*** Opening Data shown ***
(* Let $\omega_a,\omega_c,\kappa,\lambda>0$ and $N>0$, and assume $4\lambda^2\neq\omega_a\omega_c\big(1+\kappa^2/\omega_c^2\big)$. Define the real $4\times4$ matrices $$A=\begin{pmatrix}-\kappa&\omega_c&0&0\\-\omega_c&-\kappa&-2\sqrt2\,\lambda&0\\0&0&0&-\omega_a\\ \sqrt2\,\lambda&0&\omega_a&0\end{pmatrix},\qquad D=\frac{\kappa}{N}\begin{pmatrix}1&0&0&0\\0&1&0&0\\0&0&0&0\\0&0&0&0\end{pmatrix}.$$ Then every real symmetric $4\times 4$ matrix $V$ satisfying the Lyapunov equation $AV+VA^{T}=-D$ satisfies $$\frac12\big(V_{11}+V_{22}\big)-\frac{1}{2N}=\frac{1}{2N}\,\frac{\lambda^2}{\omega_a\omega_c-\dfrac{4\lambda^2}{1+\kappa^2/\omega_c^2}}.$$
   Context: $A$ is the linearization of the mean-field dynamics of the dissipative Kerr quantum Rabi model around the normal phase in the variables $(\delta Q,\delta P,\delta X,\delta Y)$, $D$ is the vacuum-noise diffusion matrix acting on the cavity quadratures, and $V$ is the steady-state covariance matrix; the quantity $\frac12(V_{11}+V_{22})-\frac1{2N}$ is the normal-phase photon-number fluctuation $\langle\delta\alpha^\dagger\delta\alpha\rangle$. *)

theory Defs
  imports "HOL-Analysis.Analysis"
begin

text \<open>Real 4x4 matrices as real^4^4, built row by row with the library's
  vector construction; entry (k,l) of the paper is M $ k $ l for k,l in 1..4.\<close>

definition kerrA :: "real \<Rightarrow> real \<Rightarrow> real \<Rightarrow> real \<Rightarrow> real ^ 4 ^ 4" where
  "kerrA wa wc kap lam = vector
     [vector [-kap, wc, 0, 0],
      vector [-wc, -kap, -2 * sqrt 2 * lam, 0],
      vector [0, 0, 0, -wa],
      vector [sqrt 2 * lam, 0, wa, 0]]"

definition kerrD :: "real \<Rightarrow> real \<Rightarrow> real ^ 4 ^ 4" where
  "kerrD kap N = (kap / N) *\<^sub>R vector
     [vector [1, 0, 0, 0],
      vector [0, 1, 0, 0],
      vector [0, 0, 0, 0],
      vector [0, 0, 0, 0]]"

lemma kerrA_check: "kerrA a c k l $ 2 $ 3 = -2 * sqrt 2 * l" "kerrA a c k l $ 4 $ 1 = sqrt 2 * l"
  "kerrA a c k l $ 4 $ 3 = a"
  by (simp_all add: kerrA_def vector_def)

end

theory Submission
  imports Defs
begin

text \<open>The Lyapunov equation is a linear system for the entries of the symmetric V.
  Its entries (3,3) and (4,4) force V34 = V14 = 0. Computing kap * wc * V24 in two ways,
  from the entries (1,4) and (2,4), ties V11 to V13; the sum of the entries (1,1) and (2,2)
  expresses the trace V11 + V22 through V13; and the entry (1,2) then determines V13.
  The nondegeneracy hypothesis says precisely that the coefficient of V13 in this last
  equation does not vanish.\<close>

lemma lyapunov_operator_nth:
  fixes A V :: "'a::comm_semiring_1 ^ 'n ^ 'n"
  shows "(A ** V + V ** transpose A) $ i $ j = (\<Sum>k\<in>UNIV. A $ i $ k * V $ k $ j + V $ i $ k * A $ j $ k)"
  by (simp add: matrix_matrix_mult_def transpose_def sum.distrib)

lemma kerrA_nth:
  "kerrA wa wc kap lam $ 1 $ 1 = -kap" "kerrA wa wc kap lam $ 1 $ 2 = wc"
  "kerrA wa wc kap lam $ 1 $ 3 = 0" "kerrA wa wc kap lam $ 1 $ 4 = 0"
  "kerrA wa wc kap lam $ 2 $ 1 = -wc" "kerrA wa wc kap lam $ 2 $ 2 = -kap"
  "kerrA wa wc kap lam $ 2 $ 3 = -2 * sqrt 2 * lam" "kerrA wa wc kap lam $ 2 $ 4 = 0"
  "kerrA wa wc kap lam $ 3 $ 1 = 0" "kerrA wa wc kap lam $ 3 $ 2 = 0"
  "kerrA wa wc kap lam $ 3 $ 3 = 0" "kerrA wa wc kap lam $ 3 $ 4 = -wa"
  "kerrA wa wc kap lam $ 4 $ 1 = sqrt 2 * lam" "kerrA wa wc kap lam $ 4 $ 2 = 0"
  "kerrA wa wc kap lam $ 4 $ 3 = wa" "kerrA wa wc kap lam $ 4 $ 4 = 0"
  by (simp_all add: kerrA_def vector_def)

lemma kerrD_nth:
  "kerrD kap N $ 1 $ 1 = kap / N" "kerrD kap N $ 2 $ 2 = kap / N"
  "kerrD kap N $ 1 $ 2 = 0" "kerrD kap N $ 3 $ 3 = 0" "kerrD kap N $ 4 $ 4 = 0"
  "kerrD kap N $ 1 $ 3 = 0" "kerrD kap N $ 1 $ 4 = 0" "kerrD kap N $ 2 $ 4 = 0"
  by (simp_all add: kerrD_def vector_def)

lemma kerr_lyapunov_equations:
  fixes wa wc kap lam N :: real and V :: "real ^ 4 ^ 4"
  defines "s \<equiv> sqrt 2 * lam"
  assumes "transpose V = V"
    and "kerrA wa wc kap lam ** V + V ** transpose (kerrA wa wc kap lam) = - kerrD kap N"
  shows "2 * (wc * V$1$2 - kap * V$1$1) = - kap / N"
    and "2 * (- wc * V$1$2 - kap * V$2$2 - 2 * s * V$2$3) = - kap / N"
    and "wc * (V$2$2 - V$1$1) - 2 * kap * V$1$2 - 2 * s * V$1$3 = 0"
    and "wa * V$3$4 = 0"
    and "s * V$1$4 + wa * V$3$4 = 0"
    and "wc * V$2$3 - kap * V$1$3 - wa * V$1$4 = 0"
    and "wc * V$2$4 - kap * V$1$4 + s * V$1$1 + wa * V$1$3 = 0"
    and "- wc * V$1$4 - kap * V$2$4 - 2 * s * V$3$4 + s * V$1$2 + wa * V$2$3 = 0"
proof -
  have sym: "V $ j $ i = V $ i $ j" for i j
    using arg_cong[OF assms(2), of "\<lambda>M. M $ i $ j"] by (simp add: transpose_def)
  have entry: "(\<Sum>k\<in>UNIV. kerrA wa wc kap lam $ i $ k * V $ k $ j + V $ i $ k * kerrA wa wc kap lam $ j $ k)
      = - kerrD kap N $ i $ j" for i j
    using arg_cong[OF assms(3), of "\<lambda>M. M $ i $ j"]
    by (simp only: lyapunov_operator_nth vector_uminus_component)
  note simps = sum_4 kerrA_nth kerrD_nth sym[of 1 2] sym[of 1 3] sym[of 1 4] sym[of 2 3]
    sym[of 2 4] sym[of 3 4] s_def algebra_simps
  show "2 * (wc * V$1$2 - kap * V$1$1) = - kap / N"
    using entry[of 1 1] by (simp add: simps)
  show "2 * (- wc * V$1$2 - kap * V$2$2 - 2 * s * V$2$3) = - kap / N"
    using entry[of 2 2] by (simp add: simps)
  show "wc * (V$2$2 - V$1$1) - 2 * kap * V$1$2 - 2 * s * V$1$3 = 0"
    using entry[of 1 2] by (simp add: simps)
  show "wa * V$3$4 = 0"
    using entry[of 3 3] by (simp add: simps)
  show "s * V$1$4 + wa * V$3$4 = 0"
    using entry[of 4 4] by (simp add: simps)
  show "wc * V$2$3 - kap * V$1$3 - wa * V$1$4 = 0"
    using entry[of 1 3] by (simp add: simps)
  show "wc * V$2$4 - kap * V$1$4 + s * V$1$1 + wa * V$1$3 = 0"
    using entry[of 1 4] by (simp add: simps)
  show "- wc * V$1$4 - kap * V$2$4 - 2 * s * V$3$4 + s * V$1$2 + wa * V$2$3 = 0"
    using entry[of 2 4] by (simp add: simps)
qed

lemma lyapunov_normal_phase_elimination:
  fixes wa wc kap s N v11 v12 v13 v14 v22 v23 v24 v34 :: real
  assumes "wa \<noteq> 0" "kap \<noteq> 0" "s \<noteq> 0"
    and eq11: "2 * (wc * v12 - kap * v11) = - kap / N"
    and eq22: "2 * (- wc * v12 - kap * v22 - 2 * s * v23) = - kap / N"
    and eq12: "wc * (v22 - v11) - 2 * kap * v12 - 2 * s * v13 = 0"
    and eq33: "wa * v34 = 0"
    and eq44: "s * v14 + wa * v34 = 0"
    and eq13: "wc * v23 - kap * v13 - wa * v14 = 0"
    and eq14: "wc * v24 - kap * v14 + s * v11 + wa * v13 = 0"
    and eq24: "- wc * v14 - kap * v24 - 2 * s * v34 + s * v12 + wa * v23 = 0"
  shows "wc * (v11 + v22) + 2 * s * v13 = wc / N"
    and "(wa * (wc\<^sup>2 + kap\<^sup>2) - 2 * s\<^sup>2 * wc) * v13 = - s * (wc\<^sup>2 + kap\<^sup>2) / (4 * N)"
proof -
  have "v34 = 0" using eq33 \<open>wa \<noteq> 0\<close> by simp
  moreover have "v14 = 0" using eq44 \<open>v34 = 0\<close> \<open>s \<noteq> 0\<close> by simp
  ultimately have reduced13: "wc * v23 - kap * v13 = 0"
    and reduced14: "wc * v24 + s * v11 + wa * v13 = 0"
    and reduced24: "kap * v24 - s * v12 - wa * v23 = 0"
    using eq13 eq14 eq24 by simp_all
  have reduced11: "wc * v12 - kap * v11 + kap / (2 * N) = 0"
    using eq11 by simp
  have "kap * (2 * s * v11 + 2 * wa * v13 - s / (2 * N))
      = kap * (wc * v24 + s * v11 + wa * v13) - wc * (kap * v24 - s * v12 - wa * v23)
        - s * (wc * v12 - kap * v11 + kap / (2 * N)) - wa * (wc * v23 - kap * v13)"
    by (simp add: algebra_simps)
  also have "\<dots> = 0"
    using reduced11 reduced13 reduced14 reduced24 by simp
  finally have v11_via_v13: "2 * s * v11 + 2 * wa * v13 - s / (2 * N) = 0"
    using \<open>kap \<noteq> 0\<close> by simp
  have "kap * (wc * (v11 + v22) + 2 * s * v13 - wc / N)
      = - wc / 2 * (2 * (wc * v12 - kap * v11) + kap / N)
        - wc / 2 * (2 * (- wc * v12 - kap * v22 - 2 * s * v23) + kap / N)
        - 2 * s * (wc * v23 - kap * v13)"
    by (simp add: algebra_simps)
  also have "\<dots> = 0"
    using eq11 eq22 reduced13 by simp
  finally show trace: "wc * (v11 + v22) + 2 * s * v13 = wc / N"
    using \<open>kap \<noteq> 0\<close> by simp
  have "2 * ((wa * (wc\<^sup>2 + kap\<^sup>2) - 2 * s\<^sup>2 * wc) * v13 + s * (wc\<^sup>2 + kap\<^sup>2) / (4 * N))
      = s * wc * (wc * (v22 - v11) - 2 * kap * v12 - 2 * s * v13)
        - s * wc * (wc * (v11 + v22) + 2 * s * v13 - wc / N)
        + (wc\<^sup>2 + kap\<^sup>2) * (2 * s * v11 + 2 * wa * v13 - s / (2 * N))
        + 2 * kap * s * (wc * v12 - kap * v11 + kap / (2 * N))"
    by (simp add: algebra_simps power2_eq_square add_divide_distrib)
  also have "\<dots> = 0"
    using eq12 trace v11_via_v13 reduced11 by simp
  finally show "(wa * (wc\<^sup>2 + kap\<^sup>2) - 2 * s\<^sup>2 * wc) * v13 = - s * (wc\<^sup>2 + kap\<^sup>2) / (4 * N)"
    by simp
qed

lemma lyapunov_normal_phase_photon_number:
  fixes wc kap s N M v11 v13 v22 :: real
  assumes "wc \<noteq> 0" "N \<noteq> 0" "M \<noteq> 0"
    and trace: "wc * (v11 + v22) + 2 * s * v13 = wc / N"
    and coherence: "M * v13 = - s * (wc\<^sup>2 + kap\<^sup>2) / (4 * N)"
  shows "(v11 + v22) / 2 - 1 / (2 * N) = s\<^sup>2 * (wc\<^sup>2 + kap\<^sup>2) / (4 * N * M * wc)"
proof -
  have "(v11 + v22) / 2 - 1 / (2 * N) = - s * v13 / wc"
    using trace assms(1,2) by (simp add: field_simps)
  moreover have "v13 = - s * (wc\<^sup>2 + kap\<^sup>2) / (4 * N * M)"
    using coherence assms(2,3) by (simp add: field_simps)
  ultimately show ?thesis
    by (simp add: power2_eq_square)
qed

theorem mainTheorem2:
  fixes wa wc kap lam N :: real and V :: "real ^ 4 ^ 4"
  assumes "wa > 0" "wc > 0" "kap > 0" "lam > 0" "N > 0"
    and "4 * lam\<^sup>2 \<noteq> wa * wc * (1 + kap\<^sup>2 / wc\<^sup>2)"
    and "transpose V = V"
    and "kerrA wa wc kap lam ** V + V ** transpose (kerrA wa wc kap lam) = - kerrD kap N"
  shows "(V $ 1 $ 1 + V $ 2 $ 2) / 2 - 1 / (2 * N)
         = 1 / (2 * N) * (lam\<^sup>2 / (wa * wc - 4 * lam\<^sup>2 / (1 + kap\<^sup>2 / wc\<^sup>2)))"
proof -
  define s where "s = sqrt 2 * lam"
  define M where "M = wa * (wc\<^sup>2 + kap\<^sup>2) - 2 * s\<^sup>2 * wc"
  have s2: "s\<^sup>2 = 2 * lam\<^sup>2"
    by (simp add: s_def power_mult_distrib)
  have "s \<noteq> 0"
    using assms(4) by (simp add: s_def)
  then have trace: "wc * (V$1$1 + V$2$2) + 2 * s * V$1$3 = wc / N"
    and coherence: "M * V$1$3 = - s * (wc\<^sup>2 + kap\<^sup>2) / (4 * N)"
    using lyapunov_normal_phase_elimination[OF _ _ _ kerr_lyapunov_equations[OF assms(7,8)]] assms(1,3)
    unfolding s_def M_def by auto
  have "wc\<^sup>2 + kap\<^sup>2 > 0"
    using assms(2) by (simp add: add_pos_nonneg)
  then have denominator: "wa * wc - 4 * lam\<^sup>2 / (1 + kap\<^sup>2 / wc\<^sup>2) = wc * M / (wc\<^sup>2 + kap\<^sup>2)"
    unfolding M_def s2 using assms(2) by (simp add: field_simps power2_eq_square)
  have "1 + kap\<^sup>2 / wc\<^sup>2 > 0"
    by (simp add: add_pos_nonneg)
  then have "wa * wc - 4 * lam\<^sup>2 / (1 + kap\<^sup>2 / wc\<^sup>2) \<noteq> 0"
    using assms(6) by (simp add: field_simps)
  then have "M \<noteq> 0"
    unfolding denominator by simp
  have "(V$1$1 + V$2$2) / 2 - 1 / (2 * N) = s\<^sup>2 * (wc\<^sup>2 + kap\<^sup>2) / (4 * N * M * wc)"
    using lyapunov_normal_phase_photon_number[OF _ _ \<open>M \<noteq> 0\<close> trace coherence] assms(2,5) by simp
  also have "\<dots> = 1 / (2 * N) * (lam\<^sup>2 / (wa * wc - 4 * lam\<^sup>2 / (1 + kap\<^sup>2 / wc\<^sup>2)))"
    unfolding denominator s2 using \<open>M \<noteq> 0\<close> \<open>wc\<^sup>2 + kap\<^sup>2 > 0\<close> assms(2,5) by (simp add: field_simps)
  finally show ?thesis .
qed

end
*** Closing Data shown ***
Work to complete> Your task is to find each line in the entries that contains the string "shows" and copy it.

Result of the exercise>
  shows "(A ** V + V ** transpose A) $ i $ j = (\<Sum>k\<in>UNIV. A $ i $ k * V $ k $ j + V $ i $ k * A $ j $ k)"
  shows "2 * (wc * V$1$2 - kap * V$1$1) = - kap / N"
  shows "wc * (v11 + v22) + 2 * s * v13 = wc / N"
  shows "(v11 + v22) / 2 - 1 / (2 * N) = s\<^sup>2 * (wc\<^sup>2 + kap\<^sup>2) / (4 * N * M * wc)"
  shows "(V $ 1 $ 1 + V $ 2 $ 2) / 2 - 1 / (2 * N)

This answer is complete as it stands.